It’s the kind of garishly heart-swelling firework display of a song that other films would instead choose to end on, which is apt enough, given that the first act of Anora would be the last in many a fairytale romance. It’s as if Baker got to the end of Pretty Woman (where Richard Gere’s sleek corporate dullard rescues Julia Roberts’ sassy streetwalker, and she, per its famous last line, rescues him right back) and asked, “Sure, but then what?” Out in the real world, or at least the fast, scuzzy real-world facsimile of Anora, nobody ascends that rapidly from rags to riches without paying some kind of price.

Not that the film’s title character, a spiky, opportunistic Russian-American sex worker played with volatile wildcat energy by Mikey Madison, is in the market for true love alone. When she’s assigned to callow oligarch scion Ivan (a grimly hilarious Mark Eydelshteyn) in the club because she speaks Russian, dollar signs light up in her eyes. When he offers her $15,000 to be his girlfriend for the week, it’s an easy yes from her. When he whisks her off to Vegas and suggests they marry, well, why the hell not? It’s the beauty of Baker’s script — both riotous and melancholy — and Madison’s quicksilver performance — both canny and vulnerable — that Anora (or Ani, as she prefers to be known) is neither a total naif nor an uncompromising gold-digger in this scenario: she’s willing to fall in love if that gets her what she wants.

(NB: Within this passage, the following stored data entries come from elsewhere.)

lemma extend_by_swap_subset:
  assumes "v \<in> C"
  shows "extend_by_swap s A \<tau> v \<subseteq> N v"
proof (cases "v \<in> A")
  case True
  then have "\<tau> (s v) \<subseteq> N (s v)"
    using nc_teaching_subset[OF \<tau>, of "s v"] swap_in_twin swap_C[OF swap A D(1)] assms by auto
  then have "s ` \<tau> (s v) \<subseteq> N v"
    using swap_image_nbhd[OF swap A D(1), of "s v"] by auto
  with True show ?thesis
    unfolding extend_by_swap_def by simp
next
  case False
  then show ?thesis
    using nc_teaching_subset[OF \<tau>, of v] assms closed_nbhd_Diff[of v A V E]
    unfolding extend_by_swap_def by auto
qed

lemma N_del_ne_nbhd_swap:
  assumes "u \<in> A" "v \<notin> A" "v \<in> X"
  shows "N_del A v \<noteq> N (s u)"
proof
  assume eq: "N_del A v = N (s u)"
  obtain l where l: "l \<in> DD" "l \<noteq> A" "l \<noteq> D"
    using exists_other_of_card_ge_3[OF three] by metis
  have "s u \<in> N v"
    using eq closed_nbhd_self[of "s u"] closed_nbhd_Diff[OF assms(2)] by blast
  then have "N v \<inter> l \<noteq> {}"
    using nbhd_meets_twin[OF assms(3) D(1) l(1)] swap_in_twin(1)[OF assms(1)] by blast
  then obtain e where "e \<in> N v" "e \<in> l"
    by blast
  then have "e \<in> N (s u)"
    using eq closed_nbhd_Diff[OF assms(2)] twins_disjoint[OF l(1) A l(2)] by blast
  then show False
    using nbhd_twin_subset[OF D(1) swap_in_twin(1)[OF assms(1)]] twins_disjoint[OF l(1) D(1) l(3)]
      twin_subset[OF l(1)] \<open>e \<in> l\<close> by blast
qed
lemma eventually_three_point_in_L_S:
  assumes "0 < \<sigma>"
  shows "eventually (\<lambda>d. three_point \<mu> d (\<sigma>^2 / d^2) \<in> L_S \<mu> \<sigma>) at_top"
  using eventually_ge_at_top[of \<sigma>]
proof eventually_elim
  case (elim d)
  with assms show ?case
    by (intro three_point_in_L_S) (auto simp: divide_le_eq_1 power_mono)
qed

theorem theorem1:
  fixes \<mu> \<sigma> t :: real
  assumes "\<sigma> > 0"
  shows "(SUP F\<in>L_S \<mu> \<sigma>. integral\<^sup>L F (\<lambda>x. (pos_part (x - t))^2)) =
    (if t \<le> \<mu> - \<sigma> then \<sigma>^2 + (t - \<mu>)^2
     else if t \<le> \<mu> then (\<mu> - t + \<sigma>)^2 / 2
     else \<sigma>^2 / 2)"
proof -
  let ?E = "\<lambda>F. integral\<^sup>L F (\<lambda>x. pos_part (x - t)^2)"
  have upper: "?E F \<le> sq_excess_sup \<mu> \<sigma> t" if "F \<in> L_S \<mu> \<sigma>" for F
    using that assms by (rule integral_pos_part_sq_le_sq_excess_sup)
  have two_point: "three_point \<mu> \<sigma> 1 \<in> L_S \<mu> \<sigma>"
    using assms by (intro three_point_in_L_S) auto
  have bdd: "bdd_above (?E ` L_S \<mu> \<sigma>)"
    using upper by (intro bdd_aboveI2)
  have "sq_excess_sup \<mu> \<sigma> t \<le> (SUP F\<in>L_S \<mu> \<sigma>. ?E F)"
  proof (cases "t \<le> \<mu>")
    case True
    then show ?thesis
      using cSUP_upper[OF two_point bdd] integral_pos_part_sq_two_point[OF assms] by simp
  next
    case False
    have "eventually (\<lambda>d. ?E (three_point \<mu> d (\<sigma>^2 / d^2)) \<le> (SUP F\<in>L_S \<mu> \<sigma>. ?E F)) at_top"
      using eventually_three_point_in_L_S[OF assms] by eventually_elim (rule cSUP_upper[OF _ bdd])
    with False assms show ?thesis
      by (intro tendsto_upperbound[OF integral_pos_part_sq_three_point_tendsto]) auto
  qed
  with upper show ?thesis
    using two_point by (intro antisym cSUP_least) (auto simp: sq_excess_sup_def)
qed

end
lemma affine_iter_minus_fixpoint:
  fixes W :: "real mat"
  assumes W: "W \<in> carrier_mat n n" and r: "r \<in> carrier_vec n"
    and rd: "rd \<in> carrier_vec n" "rd = r - W *\<^sub>v rd" and x0: "x0 \<in> carrier_vec n"
  shows "affine_iter r W x0 k - rd = (-1) ^ k \<cdot>\<^sub>v (W ^\<^sub>m k *\<^sub>v (x0 - rd))"
  using x0
proof (induction k arbitrary: x0)
  case 0
  then show ?case using rd W by (simp add: affine_iter_def)
next
  case (Suc k)
  define x1 where "x1 = r - W *\<^sub>v x0"
  have x1: "x1 \<in> carrier_vec n" using W by (intro carrier_vecI) (simp add: x1_def)
  have "x1 - rd = (-1) \<cdot>\<^sub>v (W *\<^sub>v (x0 - rd))"
  proof (rule eq_vecI)
    fix i assume "i < dim_vec ((-1) \<cdot>\<^sub>v (W *\<^sub>v (x0 - rd)))"
    hence i: "i < n" using W by simp
    have "rd $ i = r $ i - (W *\<^sub>v rd) $ i"
      using arg_cong[OF rd(2), of "\<lambda>v. v $ i"] i W by simp
    thus "(x1 - rd) $ i = ((-1) \<cdot>\<^sub>v (W *\<^sub>v (x0 - rd))) $ i"
      using i W r rd(1) Suc.prems
      by (simp add: x1_def mult_minus_distrib_mat_vec[OF W Suc.prems rd(1)])
  qed (use W rd in simp)
  hence "affine_iter r W x0 (Suc k) - rd = (-1) ^ k \<cdot>\<^sub>v (W ^\<^sub>m k *\<^sub>v ((-1) \<cdot>\<^sub>v (W *\<^sub>v (x0 - rd))))"
    using Suc.IH[OF x1] by (simp add: affine_iter_Suc x1_def)
  also have "\<dots> = (-1) ^ Suc k \<cdot>\<^sub>v (W ^\<^sub>m Suc k *\<^sub>v (x0 - rd))"
    using W rd(1) Suc.prems
    by (simp add: mult_mat_vec[of _ n n] assoc_mult_mat_vec[of _ n n _ n] smult_smult_assoc)
  finally show ?case .
qed

lemma affine_iter_tendsto_fixpoint_iff:
  fixes W :: "real mat"
  assumes W: "W \<in> carrier_mat n n" and r: "r \<in> carrier_vec n"
    and rd: "rd \<in> carrier_vec n" "rd = r - W *\<^sub>v rd" and x0: "x0 \<in> carrier_vec n" and i: "i < n"
  shows "(\<lambda>k. affine_iter r W x0 k $ i) \<longlonglongrightarrow> rd $ i
    \<longleftrightarrow> (\<lambda>k. (W ^\<^sub>m k *\<^sub>v (x0 - rd)) $ i) \<longlonglongrightarrow> 0"
proof -
  have dist: "\<bar>affine_iter r W x0 k $ i - rd $ i\<bar> = \<bar>(W ^\<^sub>m k *\<^sub>v (x0 - rd)) $ i\<bar>" for k
    using arg_cong[OF affine_iter_minus_fixpoint[OF W r rd x0, of k], of "\<lambda>v. v $ i"] W rd(1) x0 i
    by (simp add: abs_mult power_abs)
  have "(\<lambda>k. affine_iter r W x0 k $ i) \<longlonglongrightarrow> rd $ i
      \<longleftrightarrow> (\<lambda>k. \<bar>affine_iter r W x0 k $ i - rd $ i\<bar>) \<longlonglongrightarrow> 0"
    unfolding tendsto_rabs_zero_iff LIM_zero_iff ..
  also have "\<dots> \<longleftrightarrow> (\<lambda>k. (W ^\<^sub>m k *\<^sub>v (x0 - rd)) $ i) \<longlonglongrightarrow> 0"
    unfolding dist tendsto_rabs_zero_iff ..
  finally show ?thesis .
qed

lemma affine_fixpoint_iff:
  fixes W :: "'a :: comm_ring_1 mat"
  assumes W: "W \<in> carrier_mat n n" and r: "r \<in> carrier_vec n" and y: "y \<in> carrier_vec n"
  shows "y = r - W *\<^sub>v y \<longleftrightarrow> (1\<^sub>m n + W) *\<^sub>v y = r"
proof -
  have "(1\<^sub>m n + W) *\<^sub>v y = y + W *\<^sub>v y"
    using W y by (simp add: add_mult_distrib_mat_vec[of _ n n])
  thus ?thesis
    using W r y by (auto simp: vec_eq_iff algebra_simps)
qed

Ivan, seeking a green card to escape his parents’ control, isn’t quite so emotionally agile, and soon goes AWOL — leaving Ani in the violent care of his minders, including a watchful Russian minion (beautifully played by Compartment No. 6 star Yura Borisov) who may be her white knight or her further ruin. And so Baker’s film enters unmoored, unchartered post-Cinderella territory, pitting an admittedly unromantic American dream against realities of patriarchy and capitalism that are more cynical still. It’s a hard, heady tale, though Baker’s storytelling is so swift and lithe, his ear for comedy within tragedy so bright and wicked, that the film never feels like a parable or a social tract. As Ani trips and tumbles around Brooklyn’s wintry, unsexy underworld in search of her barely-husband, Anora takes on the frenzied whirligig momentum of vintage Hollywood farce, minus any satiny glamour or all’s-well-that-ends-well promise. Call it screwball realism, with a choke nested in every belly-laugh.

Baker is often referred to a kind of cinematic patron saint for certain shamed-and-sidelined American demographics — from the trans sex workers of Tangerine to the destitute motel denizens of The Florida Project — and if such descriptions can verge on the patronising, his films never do. Anora regards its outsiders with compassion, yes, but also with keen, hungry, sometimes nosy human interest, equally fascinated by their failings and their saving graces, curious as to how they see a world that barely gives them a second glance. You can veritably feel the blisters forming as the film walks a mile, and then a couple more, in Ani’s sodden, teetering skyscraper boots — not toward any Disneyland castle or tidily happy ending, but another day, another opportunity, that might yet be the greatest of a grinding lot.